Wien: Votivkirche verschwindet im Nebel; Foto: wetter-wien.wienWien: Votivkirche verschwindet im Nebel; Foto: wetter-wien.wien

Wien im Mittel um 1.4 °C zu warm

Bis zum 15. November lag jeder Tag über dem langjährigen Durchschnitt von 1981 bis 2010. Wäre auch die zweite Monatshälfte weiter so verlaufen, würde die Abweichung vom Mittel mindestens doppelt so groß sein. Die zwei kontinentalen Kaltlufteinschübe der letzten Wochen senkten den Mittelwert jedoch auf 6.9 °C in Richtung des klimatologischen Mittels von 5.5 °C. Folgende Abbildung zeigt den Verlauf der Tagesdurchschnittstemperatur an der Station Wien-Hohe Warte. Zu warme Tage sind mit roten, zu kalte Tage mit blauen Balken markiert.
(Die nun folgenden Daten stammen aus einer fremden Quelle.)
text \<open>The final estimate in the variables \<open>q = l powr (1/4)\<close>, \<open>a = A powr (1/4)\<close> and
  \<open>P = sqrt (L * \<tau>)\<close> (curve length \<open>l\<close>, time difference \<open>\<tau>\<close>): with the window width
  \<open>\<delta> = pi * P / q ^ 3\<close> every term is of order \<open>q * P\<close> or \<open>q ^ 3 * P / a\<close>.\<close>

lemma window_bound_le:
  fixes q a P \<tau> L v \<delta> :: real
  assumes q: "0 < q" and a: "0 < a" and P: "0 < P" and L: "0 < L"
    and PP: "\<tau> * L = P\<^sup>2" and Pa: "P \<le> a * q / 2" and Pq: "P \<le> q ^ 3 / 2"
    and v: "v = q ^ 4 / (2 * pi)" and \<delta>: "\<delta> = pi * P / q ^ 3"
  shows "3 * v * \<delta> + \<tau> * (2 * L * sqrt (4 * pi * v / a ^ 4)) + \<tau> * (L * sqrt (2 / v)) / sqrt \<delta>
    \<le> 7 * (q ^ 3 / a + q) * P"
proof -
  have \<tau>: "\<tau> = P\<^sup>2 / L"
    using PP L by (simp add: field_simps)
  have sqrt2: "sqrt 2 \<le> 3 / 2"
    by (rule real_le_lsqrt) (simp_all add: power2_eq_square)
  have "3 * v * \<delta> = 3 / 2 * q * P"
    using q by (simp add: v \<delta> field_simps power_eq_if)
  moreover have "\<tau> * (2 * L * sqrt (4 * pi * v / a ^ 4)) \<le> 3 / 2 * (q ^ 3 / a) * P"
  proof -
    have "4 * pi * v / a ^ 4 = 2 * (q\<^sup>2 / a\<^sup>2)\<^sup>2"
      by (simp add: v power_divide flip: power_mult)
    then have "sqrt (4 * pi * v / a ^ 4) = sqrt 2 * (q\<^sup>2 / a\<^sup>2)"
      by (simp add: real_sqrt_mult)
    then have "\<tau> * (2 * L * sqrt (4 * pi * v / a ^ 4)) = 2 * sqrt 2 * P * (P * q\<^sup>2 / a\<^sup>2)"
      using L by (simp add: \<tau> field_simps power2_eq_square)
    also have "\<dots> \<le> 2 * sqrt 2 * P * (a * q / 2 * q\<^sup>2 / a\<^sup>2)"
      using Pa P q a by (intro mult_left_mono divide_right_mono mult_right_mono) auto
    also have "\<dots> = sqrt 2 * (q ^ 3 / a) * P"
      using a by (simp add: field_simps power_eq_if)
    also have "\<dots> \<le> 3 / 2 * (q ^ 3 / a) * P"
      using sqrt2 q a P by (intro mult_right_mono) auto
    finally show ?thesis .
  qed
  moreover have "\<tau> * (L * sqrt (2 / v)) / sqrt \<delta> \<le> 3 / 2 * q * P"
  proof (rule power2_le_imp_le)
    have "(\<tau> * (L * sqrt (2 / v)) / sqrt \<delta>)\<^sup>2 = 4 * P ^ 3 / q"
      using q P L by (simp add: \<tau> v \<delta> field_simps power_eq_if)
    also have "\<dots> \<le> (3 / 2 * q * P)\<^sup>2"
      using Pq q P by (simp add: field_simps power_eq_if power2_eq_square)
    finally show "(\<tau> * (L * sqrt (2 / v)) / sqrt \<delta>)\<^sup>2 \<le> (3 / 2 * q * P)\<^sup>2" .
  qed (use q P in simp)
  moreover have "3 / 2 * q * P + 3 / 2 * (q ^ 3 / a) * P + 3 / 2 * q * P \<le> 7 * (q ^ 3 / a + q) * P"
    using q a P by (simp add: field_simps)
  ultimately show ?thesis
    by linarith
qed
definition staircase :: "nat \<Rightarrow> nat \<Rightarrow> nat \<Rightarrow> nat \<times> nat" where
  "staircase n m k = (Suc k div 2 mod (2 * n), k div 2 mod (2 * m))"

lemma div_2_mod_eq: "a div 2 mod c = a mod (2 * c) div 2" for a c :: nat
  using mod_mult2_eq[of a 2 c] by simp

lemma staircase_mod: "staircase n m (k mod (4 * n * m)) = staircase n m k"
proof -
  have dvd: "4 * n dvd 4 * n * m" "4 * m dvd 4 * n * m"
    by simp_all
  have "Suc (k mod (4 * n * m)) mod (4 * n) = Suc (k mod (4 * n * m) mod (4 * n)) mod (4 * n)"
    by (rule mod_Suc_eq[symmetric])
  also have "\<dots> = Suc k mod (4 * n)"
    by (simp add: mod_mod_cancel[OF dvd(1)] mod_Suc_eq)
  finally show ?thesis
    unfolding staircase_def div_2_mod_eq by (simp add: mod_mod_cancel[OF dvd(2)])
qed

lemma staircase_Suc_even:
  "even k \<Longrightarrow> staircase n m (Suc k) = (Suc (fst (staircase n m k)) mod (2 * n), snd (staircase n m k))"
  unfolding staircase_def by (auto simp: mod_Suc_eq elim!: evenE)

lemma staircase_Suc_odd:
  "odd k \<Longrightarrow> staircase n m (Suc k) = (fst (staircase n m k), Suc (snd (staircase n m k)) mod (2 * m))"
  unfolding staircase_def by (auto simp: mod_Suc_eq elim!: oddE)

lemma even_staircase: "even (fst (staircase n m k) + snd (staircase n m k)) \<longleftrightarrow> even k"
proof (cases "even k")
  case True
  then obtain a where "k = 2 * a" ..
  then show ?thesis unfolding staircase_def by (simp add: dvd_mod_iff)
next
  case False
  then obtain a where "k = 2 * a + 1" ..
  then show ?thesis unfolding staircase_def by (simp add: dvd_mod_iff)
qed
Tagesdurchschnittstemperatur an der Station Wien-Hohe Warte in Wien - Grafik © ZAMG

Der wärmste Tag in Wien war der 1.November, wo ein Tageshöchstwert von 18.7 °C an der Messstation Wien-Innere Stadt verifiziert wurde. Der Temperaturtiefstwert wurde in der Nacht auf 29.November in Mariabrunn mit -8.5 °C gemessen.

Österreichweit gesehen war Wien noch einer jener Orte, die näher am klimatologischen Mittel lagen. Gesamt betrachtet war der November um 2.2 °C zu warm.

Der Westen Österreichs viel zu trocken

Der Gesamtniederschlag in Wien lag mit 50 mm sehr nahe am langjährigen Mittel von 52 mm. Dieser Niederschlag war allerdings sehr ungleichmäßig verteilt, da der Großteil erst nach dem 24.November fiel.

Negativ ist vor allem der Westen Österreichs aufgefallen. In Innsbruck sind im gesamten Monat gerade einmal 6 mm Niederschlag gefallen. In den westlichen Bundesländern war es einer der 5 trockensten November seit 160 Jahren.

Niederschlag im November 2018 in Österreich; Grafik © ZAMG

Diese Abbildung zeigt die österreichweite Abweichung des Monatsniederschlages. Weiß markierte Flächen, wie sie über Wien zu finden sind, sprechen für Niederschlagsmengen die dem klimatologischen Mittel entsprechen. Die dunkleren Farben im Westen Österreichs repräsentieren extreme Trockenheit. Die einzelnen Flächen mit Grünstich im Osten markieren Gebiete, in denen es sogar mehr Niederschlag als im klimatologischen Mittel gab.

Zusammenfassend ist zu sagen, dass der November in ganz Österreich deutlich zu warm war. Während im Westen das letzte Monat viel zu trocken verlief, entsprach zumindest der Gesamtniederschlag im Osten dem klimatologischen Mittel.